Answer: During backpropagation, gradients flow directly through the skip connection, preventing them from vanishing in deep layers.
Explanation: In a plain deep network, backpropagated gradients shrink multiplicatively through each layer. ResNet's residual block F(x) + x differentiates to dF/dx + 1, guaranteeing a minimum gradient of 1 through any residual path. This enables stable training even beyond 100 layers.
Q2. Why is YOLO better suited for real-time inference than Faster R-CNN?
Answer: YOLO completes detection in a single forward pass, while Faster R-CNN requires two stages: a Region Proposal Network and a separate classifier.
Explanation: Faster R-CNN follows a pipeline of (1) region proposals via RPN, (2) RoI Pooling, and (3) classification and bounding-box regression. YOLO divides the image into a grid and simultaneously predicts all boxes and classes in one CNN pass.
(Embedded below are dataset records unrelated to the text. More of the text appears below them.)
lemma survival_sq_le: assumes "T \<ge> 4" shows "(survival T j)^2 \<le> 2 * real (j+1) * q T (2*j+2)"
proof -
  have CS: "real (survivors (int T) j)^2 \<le> real (j+1) * real (exit_walks (int T) (2*j))"
  proof -
    have "real (nwalks (int T) (2*j) 1 1) \<le> real (exit_walks (int T) (2*j))"
      unfolding exit_walks_def by simp
    then show ?thesis using survivors_sq_le[of "int T" j] by (meson mult_left_mono of_nat_0_le_iff order_trans)
  qed
  have "(survival T j)^2 = real (survivors (int T) j)^2 / 4^j"
  proof -
    have "((2::real)^j)^2 = 4^j"
      by (metis power_mult mult.commute power2_eq_square num_double numeral_times_numeral)
    then show ?thesis by (simp add: survival_def power_divide)
  qed
  also have "\<dots> \<le> real (j+1) * real (exit_walks (int T) (2*j)) / 4^j"
    using CS by (simp add: divide_right_mono)
  also have "\<dots> = 2 * real (j+1) * q T (2*j+2)"
  proof -
    have "q T (2*j+2) = real (exit_walks (int T) (2*j)) / (2 * 4^j)"
      using q_exit_walks[OF assms, of "2*j"] by (simp add: power_mult)
    then show ?thesis by (simp add: field_simps)
  qed
  finally show ?thesis .
qed

text \<open>Summing the Cauchy-Schwarz bound over j < J: the survival probability after J
  steps is O(1/sqrt(log J)), uniformly in T.\<close>
lemma survival_sq_harm_le: assumes "T \<ge> 4" shows "(survival T J)^2 * harm J \<le> 2"
proof -
  have "(survival T J)^2 * harm J = (\<Sum>j<J. (survival T J)^2 / real (Suc j))"
    by (simp add: harm_altdef sum_distrib_left field_simps)
  also have "\<dots> \<le> (\<Sum>j<J. 2 * q T (2*j+2))"
  proof (rule sum_mono)
    fix j assume "j \<in> {..<J}"
    then have "(survival T J)^2 \<le> (survival T j)^2"
      using survival_antimono[OF assms] survival_nonneg by (simp add: power_mono)
    also have "\<dots> \<le> 2 * real (j+1) * q T (2*j+2)" by (rule survival_sq_le[OF assms])
    finally show "(survival T J)^2 / real (Suc j) \<le> 2 * q T (2*j+2)" by (simp add: field_simps)
  qed
  also have "\<dots> = 2 * (\<Sum>n\<in>(\<lambda>j. 2*j+2) ` {..<J}. q T n)"
    by (simp add: sum_distrib_left sum.reindex inj_on_def)
  also have "\<dots> \<le> 2 * (\<Sum>n<2*J+2. q T n)"
    by (intro mult_left_mono sum_mono2) (auto simp: q_nonneg)
  also have "\<dots> \<le> 2" using q_partial_sum[OF assms, of "2*J"] survival_nonneg[of T "2*J"] by simp
  finally show ?thesis .
qed


section \<open>A lower bound on phi that is uniform in T\<close>

text \<open>The Laplace transform of q_T is strictly decreasing, since q_T(2) > 0.\<close>
lemma laplace_q_strict_mono:
  assumes T: "T \<ge> 4" and ab: "a < b"
    and sa: "summable (\<lambda>n. q T n * exp (- a * real n))"
    and sb: "summable (\<lambda>n. q T n * exp (- b * real n))"
  shows "(\<Sum>n. q T n * exp (- b * real n)) < (\<Sum>n. q T n * exp (- a * real n))"
proof -
  have "0 < (\<Sum>n. q T n * exp (- a * real n) - q T n * exp (- b * real n))"
  proof (rule suminf_pos2[where i=2])
    show "summable (\<lambda>n. q T n * exp (- a * real n) - q T n * exp (- b * real n))"
      using sa sb by (rule summable_diff)
  next
    fix n
    have "exp (- b * real n) \<le> exp (- a * real n)" using ab by (simp add: mult_right_mono)
    then show "0 \<le> q T n * exp (- a * real n) - q T n * exp (- b * real n)"
      using q_nonneg[of T n] by (simp add: mult_left_mono)
  next
    have "q T 2 > 0"
      using q_exit_walks[OF T, of 0] T by (simp add: exit_walks_def nwalks_0 numeral_2_eq_2)
    then show "0 < q T 2 * exp (- a * real 2) - q T 2 * exp (- b * real 2)"
      using ab by simp
  qed
  also have "\<dots> = (\<Sum>n. q T n * exp (- a * real n)) - (\<Sum>n. q T n * exp (- b * real n))"
    by (rule suminf_diff[OF sa sb, symmetric])
  finally show ?thesis by simp
qed

text \<open>If the generating function of q_T at exp(-l0) is at least exp(-delta), the root
  phi(delta,T) exists (intermediate value theorem) and is at least l0.\<close>
lemma phi_ge:
  assumes T: "T \<ge> 4" and l0: "l0 > 0"
    and big: "exp (- \<delta>) \<le> (\<Sum>n. q T n * exp (- l0) ^ n)"
  shows "l0 \<le> phi \<delta> T"
proof -
  let ?H = "\<lambda>z. \<Sum>n. q T n * z ^ n"
  have x: "0 < exp (- l0)" "exp (- l0) < 1" using l0 by auto
  have H0: "?H 0 = 0"
  proof -
    have "(\<lambda>n. q T n * (0::real) ^ n) = (\<lambda>n. 0)"
      using q_short[of T 0] T by (auto simp: fun_eq_iff power_0_left)
    then show ?thesis by simp
  qed
  have cont: "\<forall>z. 0 \<le> z \<and> z \<le> exp (- l0) \<longrightarrow> isCont ?H z"
  proof (intro allI impI)
    fix z :: real assume z: "0 \<le> z \<and> z \<le> exp (- l0)"
    then have "z < 1" using x(2) by linarith
    then have "norm z < 1" using z by simp
    have "summable (\<lambda>n. q T n * 1 ^ n)" using q_summable[OF T] by simp
    then show "isCont ?H z" by (rule isCont_powser) (use \<open>norm z < 1\<close> in simp)
  qed
  obtain z where z: "0 \<le> z" "z \<le> exp (- l0)" "?H z = exp (- \<delta>)"
    using IVT[of ?H 0 "exp (- \<delta>)" "exp (- l0)"] H0 big cont x by auto
  have zpos: "z > 0" using z H0 by (cases "z = 0") auto
  have z1: "z \<le> 1" using z(2) x(2) by linarith
  define l where "l = - ln z"
  have el: "exp (- l * real n) = z ^ n" for n
  proof -
    have "exp (real n * ln z) = exp (ln z) ^ n" by (rule exp_of_nat_mult)
    then show ?thesis unfolding l_def using zpos by (simp add: mult.commute)
  qed
  have sl: "summable (\<lambda>n. q T n * exp (- l * real n))"
    unfolding el
  proof (rule summable_comparison_test'[OF q_summable[OF T]])
    fix n :: nat
    have "z ^ n \<le> 1" using zpos z1 by (simp add: power_le_one)
    then show "norm (q T n * z ^ n) \<le> q T n"
      using q_nonneg[of T n] zpos by (simp add: abs_mult mult_left_le)
  qed
  have root: "(\<Sum>n. q T n * exp (- l * real n)) = exp (- \<delta>)" unfolding el using z by simp
  have "phi \<delta> T = l"
    unfolding phi_def
  proof (rule the_equality)
    fix l' assume l': "summable (\<lambda>n. q T n * exp (- l' * real n))
                     \<and> (\<Sum>n. q T n * exp (- l' * real n)) = exp (- \<delta>)"
    show "l' = l"
      using laplace_q_strict_mono[OF T, of l l'] laplace_q_strict_mono[OF T, of l' l] l' sl root
      by (cases l l' rule: linorder_cases) auto
  qed (use sl root in simp)
  moreover have "ln z \<le> - l0" using z zpos by (metis ln_exp ln_le_cancel_iff x(1))
  ultimately show ?thesis unfolding l_def by simp
qed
YOLOv8n achieves 80+ FPS on an A100 GPU, making it suitable for real-time applications.
Q3. Why does Vision Transformer outperform CNN on large-scale data?
Answer: ViT's Self-Attention learns global relationships between all patches without inductive bias, discovering optimal representations directly from data.
Explanation: CNNs encode locality and translation equivariance as inductive biases. These biases help with small datasets but limit representational capacity at scale. Given sufficient data (e.g., JFT-300M), ViT freely learns global patterns without these constraints, surpassing CNNs in accuracy.
Q4. What is the U-Net's role in Stable Diffusion's denoising diffusion process?
Answer: The U-Net predicts and removes the noise added to the latent vector at each timestep, and integrates the text condition (CLIP embedding) via cross-attention.
Explanation: In the forward process, Gaussian noise is added to the image latent over T steps. In the reverse process, the U-Net receives the noisy latent z_t, timestep t, and text embedding, and predicts the noise component epsilon. The VAE decoder then reconstructs the final image from the denoised latent.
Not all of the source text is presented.